[Dataset entries]
+--
(* Let $G=(V,E)$ be a finite graph with vertices $V=\{v_1,\dots,v_n\}$ (loops and parallel edges allowed), and fix an orientation $\mathcal{O}$ of $G$. Then the number of distinct score vectors of orientations of $G$ equals the number of distinct score vectors of spanning subdigraphs of $G_{\mathcal{O}}$.
   Context: An orientation $\mathcal{O}$ of $G$ assigns to each edge with endpoints $v,w$ one of the ordered pairs $(v,w)$ or $(w,v)$ (a loop at $v$ gets $(v,v)$), giving the directed graph $G_{\mathcal{O}}$ on $V$. A spanning subdigraph of $G_{\mathcal{O}}$ is $(V,\{\mathcal{O}(e):e\in F\})$ for some $F\subseteq E$. For a directed graph $D$ on $V$, the score vector is $s_D=(s_D(v_1),\dots,s_D(v_n))$ with $s_D(v_i)=\deg^+_D(v_i)-\deg^-_D(v_i)$, where $\deg^+_D(v_i)$ (resp. $\deg^-_D(v_i)$) is the number of arcs with tail (resp. head) $v_i$. *)

theory Defs
  imports Main
begin

text \<open>A finite multigraph (loops and parallel edges allowed): vertex set V, edge set E
  (edge identifiers), and for each edge its set of endpoints (one endpoint for a loop,
  two for an ordinary edge).\<close>
definition multigraph :: "'v set \<Rightarrow> 'e set \<Rightarrow> ('e \<Rightarrow> 'v set) \<Rightarrow> bool" where
  "multigraph V E ends \<longleftrightarrow> finite V \<and> finite E \<and>
     (\<forall>e\<in>E. ends e \<subseteq> V \<and> ends e \<noteq> {} \<and> card (ends e) \<le> 2)"

definition is_orientation :: "'e set \<Rightarrow> ('e \<Rightarrow> 'v set) \<Rightarrow> ('e \<Rightarrow> 'v \<times> 'v) \<Rightarrow> bool" where
  "is_orientation E ends Or \<longleftrightarrow> (\<forall>e\<in>E. {fst (Or e), snd (Or e)} = ends e)"

text \<open>Score vector of the directed graph with arc set {Or e | e in F}:
  out-degree minus in-degree at each vertex.\<close>
definition score :: "('e \<Rightarrow> 'v \<times> 'v) \<Rightarrow> 'e set \<Rightarrow> 'v \<Rightarrow> int" where
  "score Or F v = int (card {e\<in>F. fst (Or e) = v}) - int (card {e\<in>F. snd (Or e) = v})"

end

theory Submission
  imports Defs
begin

text \<open>Every orientation arises from the fixed orientation \<open>O0\<close> by reversing the arcs of some
  set \<open>F \<subseteq> E\<close>, and reversing \<open>F\<close> changes the score vector from \<open>s(E)\<close> to
  \<open>s(E) - 2 s(F)\<close>, where \<open>s\<close> is the score with respect to \<open>O0\<close>. So the score vectors of orientations
  are the image of the score vectors of spanning subdigraphs of \<open>G\<^sub>O\<^sub>0\<close> under the injective
  map \<open>x \<mapsto> s(E) - 2x\<close>.\<close>

definition reverse_on :: "'e set \<Rightarrow> ('e \<Rightarrow> 'v \<times> 'v) \<Rightarrow> 'e \<Rightarrow> 'v \<times> 'v" where
  "reverse_on F Or = (\<lambda>e. if e \<in> F then prod.swap (Or e) else Or e)"

lemma score_cong:
  assumes "\<And>e. e \<in> F \<Longrightarrow> Or e = Or' e"
  shows "score Or F = score Or' F"
proof
  fix v
  have "{e\<in>F. fst (Or e) = v} = {e\<in>F. fst (Or' e) = v}"
    and "{e\<in>F. snd (Or e) = v} = {e\<in>F. snd (Or' e) = v}"
    using assms by auto
  then show "score Or F v = score Or' F v" by (simp add: score_def)
qed

lemma score_swap: "score (prod.swap \<circ> Or) F v = - score Or F v"
  by (simp add: score_def)

lemma score_Un_disjoint:
  assumes "finite A" "finite B" "A \<inter> B = {}"
  shows "score Or (A \<union> B) v = score Or A v + score Or B v"
proof -
  have filter_Un: "{e \<in> A \<union> B. P e} = {e \<in> A. P e} \<union> {e \<in> B. P e}" for P by blast
  have "card {e \<in> A \<union> B. P e} = card {e \<in> A. P e} + card {e \<in> B. P e}" for P
    unfolding filter_Un using assms by (intro card_Un_disjoint) auto
  then show ?thesis by (simp add: score_def)
qed

lemma score_reverse_on:
  assumes "finite E" "F \<subseteq> E"
  shows "score (reverse_on F Or) E v = score Or E v - 2 * score Or F v"
proof -
  have split: "score Or' E v = score Or' F v + score Or' (E - F) v" for Or'
    using score_Un_disjoint[of F "E - F" Or' v] assms by (simp add: Un_absorb1 finite_subset)
  have "score (reverse_on F Or) F = score (prod.swap \<circ> Or) F"
    by (rule score_cong) (simp add: reverse_on_def)
  moreover have "score (reverse_on F Or) (E - F) = score Or (E - F)"
    by (rule score_cong) (simp add: reverse_on_def)
  ultimately show ?thesis
    using split[of Or] split[of "reverse_on F Or"] by (simp add: score_swap)
qed

lemma is_orientation_reverse_on:
  "is_orientation E ends Or \<Longrightarrow> is_orientation E ends (reverse_on F Or)"
  by (auto simp: is_orientation_def reverse_on_def insert_commute)

lemma orientation_eq_reverse_on:
  assumes "is_orientation E ends O0" "is_orientation E ends Or" "e \<in> E"
  shows "Or e = reverse_on {e\<in>E. Or e \<noteq> O0 e} O0 e"
proof -
  have "{fst (Or e), snd (Or e)} = {fst (O0 e), snd (O0 e)}"
    using assms by (simp add: is_orientation_def)
  then have "Or e = O0 e \<or> Or e = prod.swap (O0 e)"
    by (auto simp: doubleton_eq_iff prod_eq_iff)
  then show ?thesis using assms(3) by (auto simp: reverse_on_def)
qed

theorem lemma2p14:
  fixes V :: "'v set" and E :: "'e set" and ends :: "'e \<Rightarrow> 'v set"
    and O0 :: "'e \<Rightarrow> 'v \<times> 'v"
  assumes "multigraph V E ends"
    and "is_orientation E ends O0"
  shows "card {score Or E | Or. is_orientation E ends Or} = card {score O0 F | F. F \<subseteq> E}"
proof -
  have "finite E" using assms(1) by (simp add: multigraph_def)
  define flip :: "('v \<Rightarrow> int) \<Rightarrow> 'v \<Rightarrow> int"
    where "flip s = (\<lambda>v. score O0 E v - 2 * s v)" for s
  have score_flip: "score (reverse_on F O0) E = flip (score O0 F)" if "F \<subseteq> E" for F
    unfolding flip_def by (rule ext) (rule score_reverse_on[OF \<open>finite E\<close> that])
  have "{score Or E | Or. is_orientation E ends Or} = flip ` {score O0 F | F. F \<subseteq> E}"
  proof (intro set_eqI iffI)
    fix s assume "s \<in> {score Or E | Or. is_orientation E ends Or}"
    then obtain Or where s: "s = score Or E" and Or: "is_orientation E ends Or" by blast
    let ?F = "{e\<in>E. Or e \<noteq> O0 e}"
    have "s = score (reverse_on ?F O0) E"
      unfolding s using orientation_eq_reverse_on[OF assms(2) Or] by (rule score_cong)
    also have "\<dots> = flip (score O0 ?F)" by (rule score_flip) blast
    finally show "s \<in> flip ` {score O0 F | F. F \<subseteq> E}" by blast
  next
    fix s assume "s \<in> flip ` {score O0 F | F. F \<subseteq> E}"
    then obtain F where "F \<subseteq> E" and s: "s = flip (score O0 F)" by blast
    then have "s = score (reverse_on F O0) E" by (simp add: score_flip)
    then show "s \<in> {score Or E | Or. is_orientation E ends Or}"
      using is_orientation_reverse_on[OF assms(2)] by blast
  qed
  moreover have "inj_on flip X" for X by (rule inj_onI) (simp add: flip_def fun_eq_iff)
  ultimately show ?thesis by (simp add: card_image)
qed

end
+--
**Work item**
Would you retype exactly the lines above, from the line with "theory Defs" to the line with "set \<open>F \<subseteq>", with both end lines kept and nothing more?

**Exercise solution**
theory Defs
  imports Main
begin

text \<open>A finite multigraph (loops and parallel edges allowed): vertex set V, edge set E
  (edge identifiers), and for each edge its set of endpoints (one endpoint for a loop,
  two for an ordinary edge).\<close>
definition multigraph :: "'v set \<Rightarrow> 'e set \<Rightarrow> ('e \<Rightarrow> 'v set) \<Rightarrow> bool" where
  "multigraph V E ends \<longleftrightarrow> finite V \<and> finite E \<and>
     (\<forall>e\<in>E. ends e \<subseteq> V \<and> ends e \<noteq> {} \<and> card (ends e) \<le> 2)"

definition is_orientation :: "'e set \<Rightarrow> ('e \<Rightarrow> 'v set) \<Rightarrow> ('e \<Rightarrow> 'v \<times> 'v) \<Rightarrow> bool" where
  "is_orientation E ends Or \<longleftrightarrow> (\<forall>e\<in>E. {fst (Or e), snd (Or e)} = ends e)"

text \<open>Score vector of the directed graph with arc set {Or e | e in F}:
  out-degree minus in-degree at each vertex.\<close>
definition score :: "('e \<Rightarrow> 'v \<times> 'v) \<Rightarrow> 'e set \<Rightarrow> 'v \<Rightarrow> int" where
  "score Or F v = int (card {e\<in>F. fst (Or e) = v}) - int (card {e\<in>F. snd (Or e) = v})"

end

theory Submission
  imports Defs
begin

text \<open>Every orientation arises from the fixed orientation \<open>O0\<close> by reversing the arcs of some
  set \<open>F \<subseteq> E\<close>, and reversing \<open>F\<close> changes the score vector from \<open>s(E)\<close> to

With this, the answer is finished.